I’m on the fence about this point. On one hand, he points out several situations where I think it’s good to avoid null values:
- When null is used to represent an unknown value, then I agree with his point. In those cases, it definitely makes sense to avoid them. This is distinct from when null is used to represent “nothing,” which is a perfectly valid time to use null. When null is being used in place of another value as a special case, then two columns are probably more appropriate, or switching to an enum in the case of a flag. For example, using null to represent a one-time event in a frequency integer column might be tempting, but that’s not the same as “nothing.”
- Rather than using null to indicate something is missing, it might be better to break those values out into a separate table. This applies especially when multiple columns, such as in an address, are tied together. In these cases, the existence or non-existence of a record is a better indicator if something has an address.
Curtis also lists query complexity as a reason for avoiding null, but with an ORM like Rails, that complexity is abstracted away, so it’s not a concern.

Finally, using other values, such as an empty string, to represent “nothing” is an anti-pattern. In these cases, you’re creating a “magic value” that’s not clear from the type of your column, which comes with its own downsides.

Jargon

Curtis mentions several terms during his talk. While his talk isn’t about formal terminology, I thought it might still be helpful to note down some of the definitions.

Normalization: “[The] process of structuring a database, usually a relational database, in accordance with a series of so-called normal forms, in order to reduce data redundancy and improve data integrity.” (Wikipedia) This idea was first proposed by Edgar F. Codd as part of his relational model.

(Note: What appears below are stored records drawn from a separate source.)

lemma chain3_hom_1_in_Dfun:
  assumes n: "4 \<le> n"
  shows "(\<lambda>e\<in>seg_mor n t ` chain3 n. chain3_hom n 1 (e (pt t 2)))
           \<in> Dfun n (seg t 2 n) (seg_mor n t ` chain3 n)"
    (is "?h \<in> _")
proof (rule DfunI)
  have h_seg_mor: "?h (seg_mor n t v) = chain3_hom n 1 v" if "v \<in> chain3 n" for v
  proof -
    have "seg_mor n t v \<in> seg_mor n t ` chain3 n"
      using that by (rule imageI)
    then show ?thesis
      by (simp only: restrict_apply' seg_mor_at2[OF n that])
  qed
  show "?h \<in> PiE (seg_mor n t ` chain3 n) (\<lambda>_. {..<n})"
    using chain3_hom_lt n by auto
  have "(\<lambda>s\<in>seg t 2 n. 0) = seg_mor n t 0" "(\<lambda>s\<in>seg t 2 n. n - 1) = seg_mor n t (n - 1)"
    using n by (auto simp: seg_mor_def chain3_hom_def intro!: restrict_ext)
  then show "?h (\<lambda>s\<in>seg t 2 n. 0) = 0" "?h (\<lambda>s\<in>seg t 2 n. n - 1) = n - 1"
    using h_seg_mor[of 0] h_seg_mor[of "n - 1"] n by (simp_all add: chain3_hom_def)
  fix x y assume "x \<in> seg_mor n t ` chain3 n" "y \<in> seg_mor n t ` chain3 n"
  then obtain v w where v: "v \<in> chain3 n" and w: "w \<in> chain3 n"
    and xy: "x = seg_mor n t v" "y = seg_mor n t w"
    by (elim imageE)
  have one: "1 < n"
    using n by simp
  have "(\<lambda>s\<in>seg t 2 n. min (x s) (y s)) = seg_mor n t (min v w)"
    unfolding xy by (rule restrict_seg_mor) (simp add: chain3_hom_min[OF n v w])
  then show "?h (\<lambda>s\<in>seg t 2 n. min (x s) (y s)) = min (?h x) (?h y)"
    unfolding xy
    by (simp only: h_seg_mor v w chain3_min[OF n v w] chain3_hom_min[OF n v w one])
  have "(\<lambda>s\<in>seg t 2 n. max (x s) (y s)) = seg_mor n t (max v w)"
    unfolding xy by (rule restrict_seg_mor) (simp add: chain3_hom_max[OF n v w])
  then show "?h (\<lambda>s\<in>seg t 2 n. max (x s) (y s)) = max (?h x) (?h y)"
    unfolding xy
    by (simp only: h_seg_mor v w chain3_max[OF n v w] chain3_hom_max[OF n v w one])
  have "(\<lambda>s\<in>seg t 2 n. himp n (x s) (y s)) = seg_mor n t (himp n v w)"
    unfolding xy by (rule restrict_seg_mor) (simp add: chain3_hom_himp[OF n v w])
  then show "?h (\<lambda>s\<in>seg t 2 n. himp n (x s) (y s)) = himp n (?h x) (?h y)"
    unfolding xy
    by (simp only: h_seg_mor v w chain3_himp[OF n v w] chain3_hom_himp[OF n v w order_refl one])
qed

lemma chain3_hom_1_not_evaluation:
  assumes n: "4 \<le> n"
  shows "(\<lambda>e\<in>seg_mor n t ` chain3 n. chain3_hom n 1 (e (pt t 2)))
           \<notin> (\<lambda>z. \<lambda>e\<in>seg_mor n t ` chain3 n. e z) ` seg t 2 n"
proof
  assume "(\<lambda>e\<in>seg_mor n t ` chain3 n. chain3_hom n 1 (e (pt t 2)))
            \<in> (\<lambda>z. \<lambda>e\<in>seg_mor n t ` chain3 n. e z) ` seg t 2 n"
  then obtain z where eq: "(\<lambda>e\<in>seg_mor n t ` chain3 n. chain3_hom n 1 (e (pt t 2)))
                             = (\<lambda>e\<in>seg_mor n t ` chain3 n. e z)"
    and z: "z \<in> seg t 2 n"
    by (rule imageE)
  have "seg_mor n t 2 \<in> seg_mor n t ` chain3 n"
    by (rule imageI) simp
  with fun_cong[OF eq, of "seg_mor n t 2"] have "chain3_hom n 1 2 = seg_mor n t 2 z"
    by (simp add: seg_mor_at2[OF n])
  with z show False
    by (auto simp: seg_mor_def chain3_hom_def)
qed

lemma strong_duality_evalA_surj:
  "strong_duality TYPE('i) n G R \<Longrightarrow> subalg n (S::'i set) A \<Longrightarrow>
    Efun n G R A (Dfun n S A) \<subseteq> evalA n S A ` A"
  unfolding strong_duality_def alg_iso_def bij_betw_def by blast

lemma strong_duality_evalX_surj:
  "strong_duality TYPE('i) n G R \<Longrightarrow> in_X n G (S::'i set) X \<Longrightarrow>
    Dfun n X (Efun n G R S X) \<subseteq> evalX n G R S X ` X"
  unfolding strong_duality_def str_iso_def bij_betw_def by blast

lemma strong_duality_extend:
  "strong_duality TYPE('i) n G R \<Longrightarrow> in_X n G (S::'i set) X \<Longrightarrow> in_X n G (T::'i set) Y \<Longrightarrow>
    str_emb n G R S X T Y \<phi> \<Longrightarrow> \<forall>\<alpha>\<in>Efun n G R S X. \<exists>\<beta>\<in>Efun n G R T Y. \<forall>x\<in>X. \<beta> (\<phi> x) = \<alpha> x"
  unfolding strong_duality_def by blast

theorem corollary6p2:
  fixes n :: nat and G :: "(nat \<times> (nat list \<Rightarrow> nat)) set" and R :: "(nat \<times> nat list set) set"
  assumes "4 \<le> n" and "infinite (UNIV :: 'i set)" and "alter_ego n G R"
  shows "\<not> strong_duality TYPE('i) n G R"
proof
  assume sd: "strong_duality TYPE('i) n G R"
  \<comment> \<open>Only one index is needed, so the infinitude of \<open>'i\<close> plays no role.\<close>
  fix t :: 'i
  have n: "4 \<le> n" and alter_ego: "alter_ego n G R"
    using assms by simp_all
  have Z: "in_X n G {t} (seg t 2 n)"
    using n by (intro in_X_seg2[OF alter_ego]) simp
  have Y: "in_X n G {t} (seg t 1 n)"
    using n by (intro in_X_seg1[OF alter_ego]) simp
  have "str_emb n G R {t} (seg t 2 n) {t} (seg t 1 n) id"
    using Z Y by (intro str_emb_inclusion) auto
  with strong_duality_extend[OF sd Z Y]
  have "\<forall>\<alpha>\<in>Efun n G R {t} (seg t 2 n). \<exists>\<beta>\<in>Efun n G R {t} (seg t 1 n). \<forall>x\<in>seg t 2 n. \<beta> x = \<alpha> x"
    unfolding id_apply .
  then have EZ: "Efun n G R {t} (seg t 2 n) = seg_mor n t ` chain3 n"
    by (intro Efun_seg2_eq[OF alter_ego n] strong_duality_evalA_surj[OF sd subalg_chain3[OF n]])
  have "(\<lambda>e\<in>seg_mor n t ` chain3 n. chain3_hom n 1 (e (pt t 2))) \<in> evalX n G R {t} (seg t 2 n) ` seg t 2 n"
    using strong_duality_evalX_surj[OF sd Z] chain3_hom_1_in_Dfun[OF n, of t]
    unfolding EZ by (rule subsetD)
  also have "evalX n G R {t} (seg t 2 n) = (\<lambda>z. \<lambda>e\<in>seg_mor n t ` chain3 n. e z)"
    unfolding EZ[symmetric] by (rule ext) (simp only: evalX_def)
  finally show False
    using chain3_hom_1_not_evaluation[OF n] by contradiction
qed

end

A database is typically said to be normalized if it meets the third normal form (3NF).
Normal forms: These are a hierarchy of rules that can be applied to databases. Each rule adds a new constraint.
Data integrity: "Data integrity is the overall accuracy, completeness, and consistency of data. Data integrity also refers to the safety of data in regard to regulatory compliance — such as GDPR compliance — and security. It is maintained by a collection of processes, rules, and standards implemented during the design phase.” (Qlik)
Data definition language (DDL): “A syntax for creating and modifying database objects such as tables, indices, and users” (Wikipedia)
Surrogate key: An artificially generated key that uniquely identifies a row. This key should have no semantic relationships with the data in the record. An example might be a UUID. The primary advantage of using surrogate keys is that the identifier is insulated from changes to the data.
Natural key: A unique key tied to the data in a record. An example might be a zip code acting as a primary key to identify a mail delivery zone. These are also called business keys or domain keys.
Referential integrity: All of the references (via foreign keys) are valid. This ensures non-existent references can’t be created or updated and that records can’t be deleted while referenced elsewhere.